Judul: Girls in The Dark
Penulis: Akiyoshi Rikako
Penerbit: Haru
Terbit: 2015
Tebal: 289 halaman
ISBN:978-602-7742-31-4

Girls in The Dark bercerita tentang tragedi yang terjadi di sebuah kelompok sastra. Siapa sangka, kelompok yang dianggap sangat bergengsi di sekolah ini ternyata banyak menyimpan misteri. Semuanya berawal dari kematian ketua klub ini, Shiraisi Itsumi. Shiraisi Itsumi ditemukan meninggal terjatuh dari gedung sekolah dengan membawa bunga lily of the valley. Semua mengira bahwa Itsumi meninggal karena bunuh diri, namun keberadaan bunga lily itu meyakinkan masing-masing anggota klub bahwa Itsumi mati karena dibunuh.

Satu minggu setelah tragedi itu, kelompok sastra mengadakan pertemuan untuk mengenang kematian Itsumi. Enam anggota kelompok yang tersisa akan mengenang itsumi dengan cerita pendek yang mereka buat. Cerita pendek tentang siapa yang kira-kira membunuh Itsumi diantara anggota klub sastra tersebut.
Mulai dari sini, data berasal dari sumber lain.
(* Let $\alpha$ be an ordinal and let $X$ be a metric space expressed as a union $X=\bigcup_{i\in I}X_i$. Suppose that $\{X_i\}_{i\in I}\in\mathfrak{C}_\alpha$ and that for every $r>0$ there is a subspace $Y(r)\subset X$ with $\{Y(r)\}\in\mathfrak{C}_\alpha$ such that the collection $\{X_i\setminus Y(r)\}_{i\in I}$ is $r$-disjoint. Then $\{X\}\in\mathfrak{C}_{\alpha+1}$.
   Context: A family $\mathcal{U}$ of metric subspaces of a metric space $(X,d)$ is $r$-disjoint if $d(x,y)>r$ whenever $x\in U$, $y\in U'$, $U\neq U'$ in $\mathcal{U}$. For families $\mathcal{X},\mathcal{Y}$ and $R\in\mathbb{R}^{\mathbb{N}}$, $\mathcal{X}\xrightarrow{R}\mathcal{Y}$ means: there is an integer $k$ such that for each $X\in\mathcal{X}$ there are subcollections $\mathcal{U}_1,\dots,\mathcal{U}_k\subseteq\mathcal{Y}$ of subspaces of $X$, each $\mathcal{U}_i$ being $R_i$-disjoint, with $\bigcup_i\mathcal{U}_i$ covering $X$. A family is bounded if the diameters of its members are uniformly bounded. $\mathfrak{C}_0$ is the class of bounded families; for an ordinal $\alpha>0$, $\mathfrak{C}_\alpha$ is the class of families $\mathcal{X}$ such that for every $R\in\mathbb{R}^{\mathbb{N}}$ there exist $\beta<\alpha$ and $\mathcal{Y}\in\mathfrak{C}_\beta$ with $\mathcal{X}\xrightarrow{R}\mathcal{Y}$. All subspaces carry the induced metric. *)

theory Defs
  imports Main "HOL.Real_Vector_Spaces"
begin

text \<open>A family of subspaces of a metric space is modelled as a set of subsets of
  a metric-space type; each subspace carries the induced metric.\<close>

definition r_disjoint :: "real \<Rightarrow> ('a::metric_space) set set \<Rightarrow> bool" where
  "r_disjoint r \<U> \<longleftrightarrow>
     (\<forall>U\<in>\<U>. \<forall>U'\<in>\<U>. U \<noteq> U' \<longrightarrow> (\<forall>x\<in>U. \<forall>y\<in>U'. dist x y > r))"

definition bounded_family :: "('a::metric_space) set set \<Rightarrow> bool" where
  "bounded_family \<X> \<longleftrightarrow> (\<exists>B. \<forall>U\<in>\<X>. \<forall>x\<in>U. \<forall>y\<in>U. dist x y \<le> B)"

text \<open>The relation X --R--> Y; the sequence R is indexed R 1, R 2, ...\<close>
definition decomposes :: "(nat \<Rightarrow> real) \<Rightarrow> ('a::metric_space) set set \<Rightarrow> 'a set set \<Rightarrow> bool" where
  "decomposes R \<X> \<Y> \<longleftrightarrow>
     (\<exists>k::nat. \<forall>X\<in>\<X>. \<exists>\<U>::nat \<Rightarrow> 'a set set.
        (\<forall>i\<in>{1..k}. \<U> i \<subseteq> \<Y> \<and> (\<forall>V\<in>\<U> i. V \<subseteq> X) \<and> r_disjoint (R i) (\<U> i))
        \<and> X \<subseteq> (\<Union>i\<in>{1..k}. \<Union>(\<U> i)))"

text \<open>The classes C_alpha, with ordinals represented by elements of an arbitrary
  well-ordered type. Since the recursion is along a well-order, the inductive
  (least fixed point) definition coincides with the transfinite recursion.\<close>
inductive C_class :: "'o::wellorder \<Rightarrow> ('a::metric_space) set set \<Rightarrow> bool" where
  zero: "(\<forall>\<beta>. \<not> \<beta> < \<alpha>) \<Longrightarrow> bounded_family \<X> \<Longrightarrow> C_class \<alpha> \<X>"
| succ: "(\<exists>\<beta>. \<beta> < \<alpha>) \<Longrightarrow>
         (\<forall>R. \<exists>\<beta><\<alpha>. \<exists>\<Y>. C_class \<beta> \<Y> \<and> decomposes R \<X> \<Y>) \<Longrightarrow> C_class \<alpha> \<X>"

end

theory Submission
  imports Defs
begin

text \<open>Cover \<open>X\<close> by \<open>X_i \<setminus> Y(r)\<close>, which form an \<open>r\<close>-disjoint family, together
  with the single set \<open>Y(r)\<close>: this is an \<open>R\<close>-decomposition of \<open>{X}\<close> with \<open>k = 2\<close> as soon
  as \<open>r \<ge> R\<^sub>1\<close>. The pieces lie in the family \<open>{X_i} \<union> {Y(r)}\<close> up to passing to subsets,
  and each class \<open>\<CC>\<^sub>\<alpha>\<close> is closed under unions of two families and under passing to
  subsets (both by transfinite induction on \<open>\<alpha>\<close>), so the pieces form a family in \<open>\<CC>\<^sub>\<alpha>\<close>.\<close>

definition decomposition ::
    "(nat \<Rightarrow> real) \<Rightarrow> nat \<Rightarrow> ('a::metric_space) set \<Rightarrow> 'a set set \<Rightarrow> (nat \<Rightarrow> 'a set set) \<Rightarrow> bool"
  where "decomposition R k X \<Y> \<U> \<longleftrightarrow>
     (\<forall>i\<in>{1..k}. \<U> i \<subseteq> \<Y> \<and> (\<forall>V\<in>\<U> i. V \<subseteq> X) \<and> r_disjoint (R i) (\<U> i))
     \<and> X \<subseteq> (\<Union>i\<in>{1..k}. \<Union>(\<U> i))"

lemma decomposes_iff_decomposition:
  "decomposes R \<X> \<Y> \<longleftrightarrow> (\<exists>k. \<forall>X\<in>\<X>. \<exists>\<U>. decomposition R k X \<Y> \<U>)"
  unfolding decomposes_def decomposition_def ..

definition refines :: "'a set set \<Rightarrow> 'a set set \<Rightarrow> bool" where
  "refines \<X>' \<X> \<longleftrightarrow> (\<forall>A\<in>\<X>'. \<exists>B\<in>\<X>. A \<subseteq> B)"

definition subset_closure :: "'a set set \<Rightarrow> 'a set set" where
  "subset_closure \<X> = {A. \<exists>B\<in>\<X>. A \<subseteq> B}"

lemma refines_subset_closure_iff: "refines \<X>' \<X> \<longleftrightarrow> \<X>' \<subseteq> subset_closure \<X>"
  unfolding refines_def subset_closure_def by blast

lemma r_disjoint_empty [simp]: "r_disjoint r {}"
  and r_disjoint_singleton [simp]: "r_disjoint r {U}"
  by (simp_all add: r_disjoint_def)

lemma r_disjoint_mono: "r_disjoint r \<U> \<Longrightarrow> r' \<le> r \<Longrightarrow> r_disjoint r' \<U>"
  unfolding r_disjoint_def by (meson order_le_less_trans)

lemma r_disjoint_image_Int:
  assumes "r_disjoint r \<U>"
  shows "r_disjoint r ((\<lambda>V. V \<inter> A) ` \<U>)"
  using assms unfolding r_disjoint_def by blast

lemma bounded_family_refines:
  "bounded_family \<X> \<Longrightarrow> refines \<X>' \<X> \<Longrightarrow> bounded_family \<X>'"
  unfolding bounded_family_def refines_def by (meson subsetD)

lemma bounded_family_Un:
  assumes "bounded_family \<X>1" "bounded_family \<X>2"
  shows "bounded_family (\<X>1 \<union> \<X>2)"
proof -
  obtain B1 where B1: "\<forall>U\<in>\<X>1. \<forall>x\<in>U. \<forall>y\<in>U. dist x y \<le> B1"
    using assms(1) unfolding bounded_family_def by blast
  obtain B2 where B2: "\<forall>U\<in>\<X>2. \<forall>x\<in>U. \<forall>y\<in>U. dist x y \<le> B2"
    using assms(2) unfolding bounded_family_def by blast
  have "dist x y \<le> max B1 B2" if "U \<in> \<X>1 \<union> \<X>2" "x \<in> U" "y \<in> U" for U x y
    using that B1 B2 by (force simp: le_max_iff_disj)
  then show ?thesis unfolding bounded_family_def by blast
qed

lemma decompositionI:
  assumes "\<And>i. i \<in> {1..k} \<Longrightarrow> \<U> i \<subseteq> \<Y> \<and> (\<forall>V\<in>\<U> i. V \<subseteq> X) \<and> r_disjoint (R i) (\<U> i)"
    and "X \<subseteq> (\<Union>i\<in>{1..k}. \<Union>(\<U> i))"
  shows "decomposition R k X \<Y> \<U>"
  using assms unfolding decomposition_def by blast

lemma decompositionD:
  assumes "decomposition R k X \<Y> \<U>"
  shows decomposition_piece: "i \<in> {1..k} \<Longrightarrow> \<U> i \<subseteq> \<Y> \<and> (\<forall>V\<in>\<U> i. V \<subseteq> X) \<and> r_disjoint (R i) (\<U> i)"
    and decomposition_covers: "X \<subseteq> (\<Union>i\<in>{1..k}. \<Union>(\<U> i))"
  using assms unfolding decomposition_def by auto

lemma decomposition_enlarge:
  assumes "decomposition R k X \<Y> \<U>" "k \<le> k'" "\<Y> \<subseteq> \<Y>'"
  shows "\<exists>\<U>'. decomposition R k' X \<Y>' \<U>'"
proof
  define \<U>' where "\<U>' i = (if i \<le> k then \<U> i else {})" for i
  have "\<U>' i \<subseteq> \<Y>' \<and> (\<forall>V\<in>\<U>' i. V \<subseteq> X) \<and> r_disjoint (R i) (\<U>' i)"
    if "i \<in> {1..k'}" for i
  proof (cases "i \<le> k")
    case True
    with that have "i \<in> {1..k}" by simp
    from decomposition_piece[OF assms(1) this] show ?thesis
      using assms(3) True by (auto simp: \<U>'_def)
  qed (simp add: \<U>'_def)
  moreover have "(\<Union>i\<in>{1..k}. \<Union>(\<U> i)) \<subseteq> (\<Union>i\<in>{1..k'}. \<Union>(\<U>' i))"
    using assms(2) by (intro UN_mono) (auto simp: \<U>'_def)
  then have "X \<subseteq> (\<Union>i\<in>{1..k'}. \<Union>(\<U>' i))"
    using decomposition_covers[OF assms(1)] by (rule order_trans[rotated])
  ultimately show "decomposition R k' X \<Y>' \<U>'"
    by (rule decompositionI)
qed

lemma decomposition_restrict:
  assumes "decomposition R k X \<Y> \<U>" "X' \<subseteq> X"
  shows "\<exists>\<U>'. decomposition R k X' (subset_closure \<Y>) \<U>'"
proof
  define \<U>' where "\<U>' i = (\<lambda>V. V \<inter> X') ` \<U> i" for i
  have "\<U>' i \<subseteq> subset_closure \<Y> \<and> (\<forall>V\<in>\<U>' i. V \<subseteq> X') \<and> r_disjoint (R i) (\<U>' i)"
    if "i \<in> {1..k}" for i
    using decomposition_piece[OF assms(1) that]
    by (auto simp: \<U>'_def subset_closure_def r_disjoint_image_Int)
  moreover have "X' \<subseteq> (\<Union>i\<in>{1..k}. \<Union>(\<U>' i))"
    using decomposition_covers[OF assms(1)] assms(2) by (auto simp: \<U>'_def)
  ultimately show "decomposition R k X' (subset_closure \<Y>) \<U>'"
    by (rule decompositionI)
qed

lemma decomposes_refl: "decomposes R \<X> \<X>"
  unfolding decomposes_iff_decomposition
proof (intro exI ballI)
  fix X assume "X \<in> \<X>"
  then show "decomposition R 1 X \<X> (\<lambda>_. {X})"
    by (simp add: decomposition_def)
qed

lemma decomposes_refines:
  assumes "decomposes R \<X> \<Y>" "refines \<X>' \<X>"
  shows "decomposes R \<X>' (subset_closure \<Y>)"
proof -
  obtain k where k: "\<forall>X\<in>\<X>. \<exists>\<U>. decomposition R k X \<Y> \<U>"
    using assms(1) unfolding decomposes_iff_decomposition by blast
  have "\<exists>\<U>. decomposition R k X' (subset_closure \<Y>) \<U>" if "X' \<in> \<X>'" for X'
  proof -
    obtain X where "X \<in> \<X>" "X' \<subseteq> X"
      using assms(2) \<open>X' \<in> \<X>'\<close> unfolding refines_def by blast
    with k show ?thesis by (meson decomposition_restrict)
  qed
  then show ?thesis unfolding decomposes_iff_decomposition by blast
qed

lemma decomposes_Un:
  assumes "decomposes R \<X>1 \<Y>1" "decomposes R \<X>2 \<Y>2"
  shows "decomposes R (\<X>1 \<union> \<X>2) (\<Y>1 \<union> \<Y>2)"
proof -
  obtain k1 where k1: "\<forall>X\<in>\<X>1. \<exists>\<U>. decomposition R k1 X \<Y>1 \<U>"
    using assms(1) unfolding decomposes_iff_decomposition by blast
  obtain k2 where k2: "\<forall>X\<in>\<X>2. \<exists>\<U>. decomposition R k2 X \<Y>2 \<U>"
    using assms(2) unfolding decomposes_iff_decomposition by blast
  have "\<exists>\<U>. decomposition R (max k1 k2) X (\<Y>1 \<union> \<Y>2) \<U>" if "X \<in> \<X>1 \<union> \<X>2" for X
    using that k1 k2 decomposition_enlarge[of R _ X _ _ "max k1 k2" "\<Y>1 \<union> \<Y>2"]
    by (meson Un_iff max.cobounded1 max.cobounded2 sup.cobounded1 sup.cobounded2)
  then show ?thesis unfolding decomposes_iff_decomposition by blast
qed

lemma decomposes_singleton_two_pieces:
  assumes "r_disjoint (R 1) \<U>1" "r_disjoint (R 2) \<U>2"
    and "\<forall>V\<in>\<U>1 \<union> \<U>2. V \<subseteq> X" "X \<subseteq> \<Union>\<U>1 \<union> \<Union>\<U>2"
  shows "decomposes R {X} (\<U>1 \<union> \<U>2)"
proof -
  let ?\<U> = "\<lambda>i::nat. if i = 1 then \<U>1 else \<U>2"
  have "{1..2::nat} = {1, 2}" by auto
  then have "decomposition R 2 X (\<U>1 \<union> \<U>2) ?\<U>"
    using assms unfolding decomposition_def by auto
  then show ?thesis unfolding decomposes_iff_decomposition by blast
qed

lemma C_class_bottom_iff:
  "\<not> (\<exists>\<beta>. \<beta> < \<alpha>) \<Longrightarrow> C_class \<alpha> \<X> \<longleftrightarrow> bounded_family \<X>"
  by (auto elim: C_class.cases intro: C_class.zero)

lemma C_class_decomposes:
  "C_class \<alpha> \<X> \<Longrightarrow> \<gamma> < \<alpha> \<Longrightarrow> \<exists>\<beta><\<alpha>. \<exists>\<Y>. C_class \<beta> \<Y> \<and> decomposes R \<X> \<Y>"
  by (auto elim: C_class.cases)

lemma C_class_mono:
  assumes "C_class \<beta> \<Y>" "\<beta> \<le> \<alpha>"
  shows "C_class \<alpha> \<Y>"
proof (cases "\<beta> = \<alpha>")
  case False
  then have "\<beta> < \<alpha>" using assms(2) by simp
  then show ?thesis
    using assms(1) decomposes_refl by (intro C_class.succ) blast+
qed (use assms in simp)

lemma C_class_refines:
  assumes "C_class \<alpha> \<X>" "refines \<X>' \<X>"
  shows "C_class \<alpha> \<X>'"
  using assms
proof (induction arbitrary: \<X>' rule: C_class.induct)
  case (zero \<alpha> \<X>)
  then show ?case by (blast intro: C_class.zero bounded_family_refines)
next
  case (succ \<alpha> \<X>)
  show ?case
  proof (intro C_class.succ[OF succ.hyps(1)] allI)
    fix R
    obtain \<beta> \<Y> where "\<beta> < \<alpha>" "decomposes R \<X> \<Y>"
      and IH: "\<And>\<Y>'. refines \<Y>' \<Y> \<Longrightarrow> C_class \<beta> \<Y>'"
      using succ.IH by blast
    moreover have "C_class \<beta> (subset_closure \<Y>)"
      by (rule IH) (simp add: refines_subset_closure_iff)
    ultimately show "\<exists>\<beta><\<alpha>. \<exists>\<Y>. C_class \<beta> \<Y> \<and> decomposes R \<X>' \<Y>"
      using decomposes_refines succ.prems by blast
  qed
qed

lemma C_class_Un:
  fixes \<alpha> :: "'o::wellorder"
  shows "C_class \<alpha> \<X>1 \<Longrightarrow> C_class \<alpha> \<X>2 \<Longrightarrow> C_class \<alpha> (\<X>1 \<union> \<X>2)"
proof (induction \<alpha> arbitrary: \<X>1 \<X>2 rule: less_induct)
  case (less \<alpha>)
  show ?case
  proof (cases "\<exists>\<beta>. \<beta> < \<alpha>")
    case False
    then show ?thesis
      using less.prems by (simp add: C_class_bottom_iff bounded_family_Un)
  next
    case True
    show ?thesis
    proof (intro C_class.succ[OF True] allI)
      fix R
      obtain \<beta>1 \<Y>1 where 1: "\<beta>1 < \<alpha>" "C_class \<beta>1 \<Y>1" "decomposes R \<X>1 \<Y>1"
        using C_class_decomposes[OF less.prems(1)] True by blast
      obtain \<beta>2 \<Y>2 where 2: "\<beta>2 < \<alpha>" "C_class \<beta>2 \<Y>2" "decomposes R \<X>2 \<Y>2"
        using C_class_decomposes[OF less.prems(2)] True by blast
      have "C_class (max \<beta>1 \<beta>2) (\<Y>1 \<union> \<Y>2)"
        using 1 2 by (intro less.IH C_class_mono[of _ _ "max \<beta>1 \<beta>2"]) auto
      moreover have "max \<beta>1 \<beta>2 < \<alpha>" using 1 2 by simp
      ultimately show "\<exists>\<beta><\<alpha>. \<exists>\<Y>. C_class \<beta> \<Y> \<and> decomposes R (\<X>1 \<union> \<X>2) \<Y>"
        using decomposes_Un[OF 1(3) 2(3)] by blast
    qed
  qed
qed

theorem theorem4p1:
  fixes \<alpha> \<beta> :: "'o::wellorder"
    and X :: "('a::metric_space) set"
    and I :: "'i set"
    and Xi :: "'i \<Rightarrow> 'a set"
    and Y :: "real \<Rightarrow> 'a set"
  assumes beta_succ: "\<forall>\<gamma>. \<gamma> < \<beta> \<longleftrightarrow> \<gamma> \<le> \<alpha>"
    and union: "X = (\<Union>i\<in>I. Xi i)"
    and fam: "C_class \<alpha> (Xi ` I)"
    and Yr: "\<forall>r>0. Y r \<subseteq> X \<and> C_class \<alpha> {Y r} \<and> r_disjoint r ((\<lambda>i. Xi i - Y r) ` I)"
  shows "C_class \<beta> {X}"
proof (intro C_class.succ allI)
  show "\<exists>\<gamma>. \<gamma> < \<beta>" using beta_succ by blast
  fix R :: "nat \<Rightarrow> real"
  define r where "r = max (R 1) 1"
  define \<U> where "\<U> = (\<lambda>i. Xi i - Y r) ` I"
  have "r > 0" "R 1 \<le> r" unfolding r_def by auto
  then have Y: "Y r \<subseteq> X" "C_class \<alpha> {Y r}" "r_disjoint (R 1) \<U>"
    using Yr r_disjoint_mono unfolding \<U>_def by blast+
  have "C_class \<alpha> (\<U> \<union> {Y r})"
    using C_class_Un[OF fam Y(2)] by (rule C_class_refines) (auto simp: refines_def \<U>_def)
  moreover have "decomposes R {X} (\<U> \<union> {Y r})"
    using Y union by (intro decomposes_singleton_two_pieces) (auto simp: \<U>_def)
  moreover have "\<alpha> < \<beta>" using beta_succ by simp
  ultimately show "\<exists>\<gamma><\<beta>. \<exists>\<Y>. C_class \<gamma> \<Y> \<and> decomposes R {X} \<Y>" by blast
qed

end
Namun, siapa sangka masing-masing melontarkan tuduhan kepada satu sama lain. Dan di malam itu, tidak hanya persepsi masing-masing yang diutarakan. Masa lalu kelam dari masing-masing anggota pun terungkap. Semua anggota klub sastra memiliki rahasia yang hanya Shiraisi Itsumi ketahui, dan itulah alasan mengapa mereka bergabung dalam klub sastra itu. Semuanya memiliki dendam dan ambisi.

Lalu siapa yang sebenarnya membunuh Itsumi, dan apa pula arti dari bunga liliy of the valley yang dibawanya? Rasanya tidak pantas bila akhir cerita ini dicantumkan dalam tulisan ini. Sudah menjadi ciri bagi Akiyoshi Rikako untuk membuat akhir yang tak terduga, sebuah twist yang tidak akan pernah dipikirkan pembacanya.

Namun, ada kalanya saat mebaca satu persatu cerita yang dibacakan masing-masing anggota membuat bosan. Terlebih ketika cerita dari orang pertama memiliki pola yang sama dengan cerita orang kedua sampai orang keenam. Yah, meskipun pada bagian ini justru merupakan bagian penting yang mengungkap rahasia masing-masing anggota klub.

Secara keseluruhan, Girls in The Dark ini cukup menyenangkan untuk dibaca. Bahasa tutur yang enak untuk dibaca serta cerita yang cukup menegangkan dari halaman pertama, memberi poin menarik tersendiri. Dan seperti ciri Akiyoshi Rikako, ending-nya pun sangat tak terduga, sehingga mampu membuat pembaca terdiam. Saya rasa itulah kelebihan sang penulis yang merupakan lulusan dari Universitas Waseda, salah satu universitas paling bergengsi di Jepang.

Di negara asalnya, novel Girls in The Dark ini memang sangat populer. Kabar menyenangkannya, di tahun 2017 ini film adaptasi dari novel ini akan segera diputar di bioskop. Hal ini membuktikan bahwa selain cerdas dalam menyusun alur cerita, Akiyoshi Rikako juga mampu mengetahui selera pembaca di Jepang.

Jadi, tertarik untuk membaca karya-karya dari Asia Timur? Saran saya, kalian bisa memulai dengan bacasaja Girls in The Dark!